▸ **Work to be completed**:
The required output is the line with "partial_action_CP_iff by blast" and each line that follows it to the end of the entries below, copied exactly and with nothing added.

▸ **Stored data entries**:
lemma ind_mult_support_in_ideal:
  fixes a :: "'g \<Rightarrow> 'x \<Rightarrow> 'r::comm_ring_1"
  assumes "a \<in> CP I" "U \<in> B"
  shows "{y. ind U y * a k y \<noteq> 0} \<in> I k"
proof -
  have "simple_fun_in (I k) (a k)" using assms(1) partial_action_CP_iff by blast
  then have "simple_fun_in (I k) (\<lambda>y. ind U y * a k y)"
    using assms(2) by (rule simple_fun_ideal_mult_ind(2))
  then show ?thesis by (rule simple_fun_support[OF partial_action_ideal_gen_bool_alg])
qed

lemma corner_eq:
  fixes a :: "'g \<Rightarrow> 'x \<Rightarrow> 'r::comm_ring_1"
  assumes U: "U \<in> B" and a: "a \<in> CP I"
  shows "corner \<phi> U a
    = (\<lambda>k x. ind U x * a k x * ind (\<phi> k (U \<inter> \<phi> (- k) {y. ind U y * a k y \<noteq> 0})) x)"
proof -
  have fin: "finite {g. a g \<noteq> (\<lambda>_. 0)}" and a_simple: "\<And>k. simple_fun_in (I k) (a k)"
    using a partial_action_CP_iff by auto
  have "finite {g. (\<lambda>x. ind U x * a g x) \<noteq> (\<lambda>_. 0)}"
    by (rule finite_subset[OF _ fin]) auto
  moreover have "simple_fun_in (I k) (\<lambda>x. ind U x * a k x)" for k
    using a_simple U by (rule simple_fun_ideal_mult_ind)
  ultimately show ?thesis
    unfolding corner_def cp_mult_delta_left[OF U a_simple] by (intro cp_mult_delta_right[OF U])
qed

▸ **Answer space**:
  have "simple_fun_in (I k) (a k)" using assms(1) partial_action_CP_iff by blast
  then have "simple_fun_in (I k) (\<lambda>y. ind U y * a k y)"
    using assms(2) by (rule simple_fun_ideal_mult_ind(2))
  then show ?thesis by (rule simple_fun_support[OF partial_action_ideal_gen_bool_alg])
qed

lemma corner_eq:
  fixes a :: "'g \<Rightarrow> 'x \<Rightarrow> 'r::comm_ring_1"
  assumes U: "U \<in> B" and a: "a \<in> CP I"
  shows "corner \<phi> U a
    = (\<lambda>k x. ind U x * a k x * ind (\<phi> k (U \<inter> \<phi> (- k) {y. ind U y * a k y \<noteq> 0})) x)"
proof -
  have fin: "finite {g. a g \<noteq> (\<lambda>_. 0)}" and a_simple: "\<And>k. simple_fun_in (I k) (a k)"
    using a partial_action_CP_iff by auto
  have "finite {g. (\<lambda>x. ind U x * a g x) \<noteq> (\<lambda>_. 0)}"
    by (rule finite_subset[OF _ fin]) auto
  moreover have "simple_fun_in (I k) (\<lambda>x. ind U x * a k x)" for k
    using a_simple U by (rule simple_fun_ideal_mult_ind)
  ultimately show ?thesis
    unfolding corner_def cp_mult_delta_left[OF U a_simple] by (intro cp_mult_delta_right[OF U])
qed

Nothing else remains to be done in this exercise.